(* Fix parameters $\gamma\in(0,1)$, $a\in(1,1/\gamma)$ and $\kappa\in(0,1]$. For large $T$, with $N=[T^{\kappa}]$ and with $f$, $\mathcal{M}$, $R$, $\Phi$ as defined in the context, \[ \int_{-\infty}^{\infty}|R(t)|^2\,\Phi\Big(\frac tT\Big)\,dt \ll T\sum_{n\in\mathcal{M}}f(n)^2, \] with an implied constant independent of $T$.
   Context: Write $\log_2x=\log\log x$, $\log_3 x=\log\log\log x$, and $\Phi(t):=e^{-t^2/2}$. Let $P$ be the set of primes $p$ with $e\log N\log_2N<p\le \log N\exp((\log_2N)^{\gamma})\log_2N$. Let $f$ be the multiplicative function supported on squarefree integers with $f(p)=\sqrt{\frac{\log N\log_2N}{\log_3N}}\cdot\frac{1}{\sqrt p(\log p-\log_2N-\log_3N)}$ for $p\in P$ and $f(p)=0$ for primes $p\notin P$. For $k=1,\dots,[(\log_2N)^{\gamma}]$ let $P_k$ be the set of primes with $e^k\log N\log_2N<p\le e^{k+1}\log N\log_2N$ and $M_k$ the set of integers having at least $\frac{a\log N}{k^2\log_3N}$ prime divisors in $P_k$; set $\mathcal{M}:=\operatorname{supp}(f)\setminus\bigcup_kM_k$. Let $\mathcal{J}$ be the set of integers $j$ such that $[(1+T^{-1})^j,(1+T^{-1})^{j+1})\cap\mathcal{M}\neq\emptyset$, let $m_j$ be the minimum of this intersection, $\mathcal{M}':=\{m_j:j\in\mathcal{J}\}$, and $r(m_j):=\big(\sum_{n\in\mathcal{M},\,(1+T^{-1})^{j-1}\le n\le(1+T^{-1})^{j+2}}f(n)^2\big)^{1/2}$. Finally $R(t):=\sum_{m\in\mathcal{M}'}r(m)m^{-it}$. *)

theory Defs
  imports "HOL-Analysis.Analysis" "HOL-Computational_Algebra.Computational_Algebra"
begin

definition L2 :: "real \<Rightarrow> real" where "L2 x = ln (ln x)"
definition L3 :: "real \<Rightarrow> real" where "L3 x = ln (ln (ln x))"

definition Phi :: "real \<Rightarrow> real" where "Phi t = exp (- (t^2) / 2)"

definition Pset :: "real \<Rightarrow> nat \<Rightarrow> nat set" where
  "Pset \<gamma> N = {p. prime p \<and> exp 1 * ln (real N) * L2 (real N) < real p \<and>
      real p \<le> ln (real N) * exp (L2 (real N) powr \<gamma>) * L2 (real N)}"

definition fprime :: "real \<Rightarrow> nat \<Rightarrow> nat \<Rightarrow> real" where
  "fprime \<gamma> N p = (if p \<in> Pset \<gamma> N then
      sqrt (ln (real N) * L2 (real N) / L3 (real N)) *
      (1 / (sqrt (real p) * (ln (real p) - L2 (real N) - L3 (real N))))
    else 0)"

definition fmult :: "real \<Rightarrow> nat \<Rightarrow> nat \<Rightarrow> real" where
  "fmult \<gamma> N n = (if squarefree n then (\<Prod>p\<in>prime_factors n. fprime \<gamma> N p) else 0)"

definition Pk :: "nat \<Rightarrow> nat \<Rightarrow> nat set" where
  "Pk N k = {p. prime p \<and> exp (real k) * ln (real N) * L2 (real N) < real p \<and>
      real p \<le> exp (real k + 1) * ln (real N) * L2 (real N)}"

definition Mk :: "real \<Rightarrow> nat \<Rightarrow> nat \<Rightarrow> nat set" where
  "Mk a N k = {n. real (card (prime_factors n \<inter> Pk N k)) \<ge>
      a * ln (real N) / ((real k)^2 * L3 (real N))}"

definition Mcal :: "real \<Rightarrow> real \<Rightarrow> nat \<Rightarrow> nat set" where
  "Mcal \<gamma> a N = {n. fmult \<gamma> N n \<noteq> 0} -
      (\<Union>k\<in>{1..nat \<lfloor>L2 (real N) powr \<gamma>\<rfloor>}. Mk a N k)"

definition Ival :: "real \<Rightarrow> int \<Rightarrow> real set" where
  "Ival T j = {x. (1 + 1/T) powi j \<le> x \<and> x < (1 + 1/T) powi (j + 1)}"

definition Jset :: "real \<Rightarrow> real \<Rightarrow> nat \<Rightarrow> real \<Rightarrow> int set" where
  "Jset \<gamma> a N T = {j. \<exists>n\<in>Mcal \<gamma> a N. real n \<in> Ival T j}"

definition mj :: "real \<Rightarrow> real \<Rightarrow> nat \<Rightarrow> real \<Rightarrow> int \<Rightarrow> nat" where
  "mj \<gamma> a N T j = Min {n \<in> Mcal \<gamma> a N. real n \<in> Ival T j}"

definition Mprime :: "real \<Rightarrow> real \<Rightarrow> nat \<Rightarrow> real \<Rightarrow> nat set" where
  "Mprime \<gamma> a N T = mj \<gamma> a N T ` Jset \<gamma> a N T"

definition rj :: "real \<Rightarrow> real \<Rightarrow> nat \<Rightarrow> real \<Rightarrow> int \<Rightarrow> real" where
  "rj \<gamma> a N T j = sqrt (\<Sum>n\<in>{n \<in> Mcal \<gamma> a N. (1 + 1/T) powi (j - 1) \<le> real n \<and>
       real n \<le> (1 + 1/T) powi (j + 2)}. (fmult \<gamma> N n)^2)"

definition rfun :: "real \<Rightarrow> real \<Rightarrow> nat \<Rightarrow> real \<Rightarrow> nat \<Rightarrow> real" where
  "rfun \<gamma> a N T m = rj \<gamma> a N T (THE j. j \<in> Jset \<gamma> a N T \<and> mj \<gamma> a N T j = m)"

definition Rfun :: "real \<Rightarrow> real \<Rightarrow> nat \<Rightarrow> real \<Rightarrow> real \<Rightarrow> complex" where
  "Rfun \<gamma> a N T t = (\<Sum>m\<in>Mprime \<gamma> a N T.
      complex_of_real (rfun \<gamma> a N T m) * (of_nat m) powr (- (\<i> * complex_of_real t)))"

end

theory Submission
  imports Defs "HOL-Probability.Probability"
begin

text \<open>
  Writing \<open>x\<^sub>j = log m\<^sub>j\<close>, the square \<open>|R(t)|\<^sup>2\<close> is a double sum of
  \<open>r(m\<^sub>j) r(m\<^sub>k) cos (t (x\<^sub>j - x\<^sub>k))\<close>, and the Gaussian weight integrates each term to
  \<open>T \<surd>(2\<pi>) exp (-(T (x\<^sub>j - x\<^sub>k))\<^sup>2 / 2)\<close>. Since \<open>m\<^sub>j\<close> lies in the \<open>j\<close>-th window of ratio
  \<open>1 + 1/T\<close>, the points \<open>T x\<^sub>j\<close> are spaced by at least about \<open>1/2\<close>, so this kernel decays
  geometrically in \<open>|j - k|\<close> and the Schur test bounds the double sum by
  \<open>T \<Sum>\<^sub>j r(m\<^sub>j)\<^sup>2\<close>. Finally each \<open>n \<in> \<M>\<close> occurs in at most four of the sums
  \<open>r(m\<^sub>j)\<^sup>2\<close>, which gives \<open>\<Sum>\<^sub>j r(m\<^sub>j)\<^sup>2 \<le> 4 \<Sum>\<^sub>n\<^sub>\<in>\<^sub>\<M> f(n)\<^sup>2\<close>.
\<close>

lemma has_integral_cos_mult_Phi:
  fixes T l :: real
  assumes T: "T > 0"
  shows "((\<lambda>t. cos (t * l) * Phi (t / T)) has_integral T * sqrt (2*pi) * exp (- ((T*l)^2) / 2)) UNIV"
proof -
  define s where "s = T * l"
  interpret real_distribution std_normal_distribution by (rule real_dist_normal_dist)
  have i: "integrable std_normal_distribution (\<lambda>x. iexp (s * x))"
    by (rule integrable_iexp) auto
  have ir: "integrable std_normal_distribution (\<lambda>x. cos (s * x))"
    using integrable_Re[OF i] by (simp add: cos_exp_eq[symmetric] Re_exp)
  have "char std_normal_distribution s = complex_of_real (exp (- (s^2) / 2))"
    by (simp add: char_std_normal_distribution)
  hence "Re (CLINT x|std_normal_distribution. iexp (s * x)) = exp (- (s^2) / 2)"
    unfolding char_def by simp
  hence e: "(LINT x|std_normal_distribution. cos (s * x)) = exp (- (s^2) / 2)"
    using integral_Re[OF i] by (simp add: Re_exp)
  have g1: "integrable lborel (\<lambda>x. std_normal_density x * cos (s * x))"
    using ir by (subst (asm) integrable_density) (auto simp: normal_density_nonneg)
  have g2: "(LINT x|lborel. std_normal_density x * cos (s * x)) = exp (- (s^2) / 2)"
    using e by (subst (asm) integral_density) (auto simp: normal_density_nonneg)
  define h where "h = (\<lambda>t. cos (t * l) * Phi (t / T))"
  have hx: "h (0 + T * x) = sqrt (2*pi) * (std_normal_density x * cos (s * x))" for x
    using T by (simp add: h_def Phi_def std_normal_density_def s_def mult_ac)
  have "integrable lborel (\<lambda>x. h (0 + T * x))"
    unfolding hx using g1 by simp
  hence hi: "integrable lborel h"
    using lborel_integrable_real_affine_iff[of T h 0] T by simp
  have "(LINT x|lborel. h x) = \<bar>T\<bar> *\<^sub>R (LINT x|lborel. h (0 + T * x))"
    by (rule lborel_integral_real_affine) (use T in simp)
  also have "\<dots> = T * sqrt (2*pi) * exp (- ((T*l)^2) / 2)"
    unfolding hx using T g2 by (simp add: s_def)
  finally show ?thesis using has_integral_integral_lborel[OF hi] by (simp add: h_def)
qed

lemma cmod_sum_exp_squared:
  fixes c x :: "'a \<Rightarrow> real"
  assumes "finite J"
  shows "(cmod (\<Sum>j\<in>J. complex_of_real (c j) * exp (- (\<i> * complex_of_real t) * complex_of_real (x j))))^2
       = (\<Sum>j\<in>J. \<Sum>k\<in>J. c j * c k * cos (t * (x j - x k)))"
proof -
  define z where "z = (\<Sum>j\<in>J. complex_of_real (c j) * exp (- (\<i> * complex_of_real t) * complex_of_real (x j)))"
  have e: "exp (- (\<i> * complex_of_real t) * complex_of_real (x j)) = cis (- (t * x j))" for j
    by (simp add: cis_conv_exp mult_ac)
  have re: "Re z = (\<Sum>j\<in>J. c j * cos (t * x j))"
    unfolding z_def e by (simp add: Re_sum)
  have im: "Im z = - (\<Sum>j\<in>J. c j * sin (t * x j))"
    unfolding z_def e by (simp add: Im_sum sum_negf)
  have "(cmod z)^2 = (Re z)^2 + (Im z)^2" by (simp add: cmod_power2)
  also have "\<dots> = (\<Sum>j\<in>J. \<Sum>k\<in>J. c j * c k * (cos (t * x j) * cos (t * x k) + sin (t * x j) * sin (t * x k)))"
    unfolding re im power2_eq_square minus_mult_minus sum_product
    by (simp add: sum.distrib algebra_simps)
  also have "\<dots> = (\<Sum>j\<in>J. \<Sum>k\<in>J. c j * c k * cos (t * (x j - x k)))"
    by (simp add: cos_diff right_diff_distrib)
  finally show ?thesis by (simp add: z_def)
qed

lemma has_integral_cmod_exp_sum_squared_Phi:
  fixes c x :: "'a \<Rightarrow> real" and T :: real
  assumes "finite J" "T > 0"
  shows "((\<lambda>t. (cmod (\<Sum>j\<in>J. complex_of_real (c j) * exp (- (\<i> * complex_of_real t) * complex_of_real (x j))))^2
            * Phi (t / T))
         has_integral T * sqrt (2*pi) * (\<Sum>j\<in>J. \<Sum>k\<in>J. c j * c k * exp (- ((T * (x j - x k))^2) / 2))) UNIV"
proof -
  have "((\<lambda>t. \<Sum>j\<in>J. \<Sum>k\<in>J. c j * c k * (cos (t * (x j - x k)) * Phi (t / T)))
         has_integral (\<Sum>j\<in>J. \<Sum>k\<in>J. c j * c k * (T * sqrt (2*pi) * exp (- ((T * (x j - x k))^2) / 2)))) UNIV"
    by (intro has_integral_sum has_integral_mult_right has_integral_cos_mult_Phi assms)
  then show ?thesis
    unfolding cmod_sum_exp_squared[OF assms(1)]
    by (simp add: sum_distrib_left sum_distrib_right mult_ac)
qed

lemma symmetric_form_le_row_sums:
  fixes c :: "'a \<Rightarrow> real"
  assumes "finite J" "\<And>j k. j \<in> J \<Longrightarrow> k \<in> J \<Longrightarrow> E j k \<ge> 0" "\<And>j k. E j k = E k j"
  shows "(\<Sum>j\<in>J. \<Sum>k\<in>J. c j * c k * E j k) \<le> (\<Sum>j\<in>J. (c j)^2 * (\<Sum>k\<in>J. E j k))"
proof -
  have "(\<Sum>j\<in>J. \<Sum>k\<in>J. c j * c k * E j k) \<le> (\<Sum>j\<in>J. \<Sum>k\<in>J. ((c j)^2 * E j k + (c k)^2 * E j k) / 2)"
  proof (intro sum_mono)
    fix j k assume "j \<in> J" "k \<in> J"
    hence E: "E j k \<ge> 0" using assms(2) by auto
    have "2 * (c j * c k) \<le> (c j)^2 + (c k)^2" using sum_squares_bound[of "c j" "c k"] by simp
    hence "2 * (c j * c k) * E j k \<le> ((c j)^2 + (c k)^2) * E j k" using E by (rule mult_right_mono)
    thus "c j * c k * E j k \<le> ((c j)^2 * E j k + (c k)^2 * E j k) / 2" by (simp add: algebra_simps)
  qed
  also have "\<dots> = ((\<Sum>j\<in>J. \<Sum>k\<in>J. (c j)^2 * E j k) + (\<Sum>j\<in>J. \<Sum>k\<in>J. (c k)^2 * E j k)) / 2"
    by (simp add: sum.distrib sum_divide_distrib add_divide_distrib)
  also have "(\<Sum>j\<in>J. \<Sum>k\<in>J. (c k)^2 * E j k) = (\<Sum>j\<in>J. \<Sum>k\<in>J. (c j)^2 * E j k)"
    by (subst sum.swap) (simp add: assms(3))
  also have "(\<Sum>j\<in>J. \<Sum>k\<in>J. (c j)^2 * E j k) = (\<Sum>j\<in>J. (c j)^2 * (\<Sum>k\<in>J. E j k))"
    by (simp add: sum_distrib_left)
  finally show ?thesis by simp
qed

lemma sum_power_abs_int_le:
  fixes A :: "int set" and q :: real
  assumes "finite A" "0 \<le> q" "q < 1"
  shows "(\<Sum>k\<in>A. q ^ nat \<bar>k\<bar>) \<le> 2 / (1 - q)"
proof -
  have geometric: "(\<Sum>k\<in>B. q ^ nat \<bar>k\<bar>) \<le> 1 / (1 - q)"
    if "B \<subseteq> A" "inj_on (\<lambda>k. nat \<bar>k\<bar>) B" for B
  proof -
    have "(\<Sum>k\<in>B. q ^ nat \<bar>k\<bar>) = (\<Sum>m\<in>(\<lambda>k. nat \<bar>k\<bar>) ` B. q ^ m)"
      using that(2) by (simp add: sum.reindex)
    also have "\<dots> \<le> (\<Sum>m. q ^ m)"
      using that assms by (intro sum_le_suminf summable_geometric) (auto intro: finite_subset)
    also have "\<dots> = 1 / (1 - q)" using suminf_geometric[of q] assms by simp
    finally show ?thesis .
  qed
  have "(\<Sum>k\<in>A. q ^ nat \<bar>k\<bar>) = (\<Sum>k\<in>A \<inter> {0..}. q ^ nat \<bar>k\<bar>) + (\<Sum>k\<in>A - {0..}. q ^ nat \<bar>k\<bar>)"
    using assms(1) by (metis sum.Int_Diff)
  also have "\<dots> \<le> 1 / (1 - q) + 1 / (1 - q)"
    by (intro add_mono geometric) (auto simp: inj_on_def)
  finally show ?thesis by simp
qed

----------

_Work item_
Out of the material above, output word for word the line with "4 \<Sum>\<^sub>n\<^sub>\<in>\<^sub>\<M> f(n)\<^sup>2\<close>.", the line with "lborel (\<lambda>x. std_normal_density", and all lines between them, with nothing else.

_Task solution_
  \<open>r(m\<^sub>j)\<^sup>2\<close>, which gives \<open>\<Sum>\<^sub>j r(m\<^sub>j)\<^sup>2 \<le> 4 \<Sum>\<^sub>n\<^sub>\<in>\<^sub>\<M> f(n)\<^sup>2\<close>.
\<close>

lemma has_integral_cos_mult_Phi:
  fixes T l :: real
  assumes T: "T > 0"
  shows "((\<lambda>t. cos (t * l) * Phi (t / T)) has_integral T * sqrt (2*pi) * exp (- ((T*l)^2) / 2)) UNIV"
proof -
  define s where "s = T * l"
  interpret real_distribution std_normal_distribution by (rule real_dist_normal_dist)
  have i: "integrable std_normal_distribution (\<lambda>x. iexp (s * x))"
    by (rule integrable_iexp) auto
  have ir: "integrable std_normal_distribution (\<lambda>x. cos (s * x))"
    using integrable_Re[OF i] by (simp add: cos_exp_eq[symmetric] Re_exp)
  have "char std_normal_distribution s = complex_of_real (exp (- (s^2) / 2))"
    by (simp add: char_std_normal_distribution)
  hence "Re (CLINT x|std_normal_distribution. iexp (s * x)) = exp (- (s^2) / 2)"
    unfolding char_def by simp
  hence e: "(LINT x|std_normal_distribution. cos (s * x)) = exp (- (s^2) / 2)"
    using integral_Re[OF i] by (simp add: Re_exp)
  have g1: "integrable lborel (\<lambda>x. std_normal_density x * cos (s * x))"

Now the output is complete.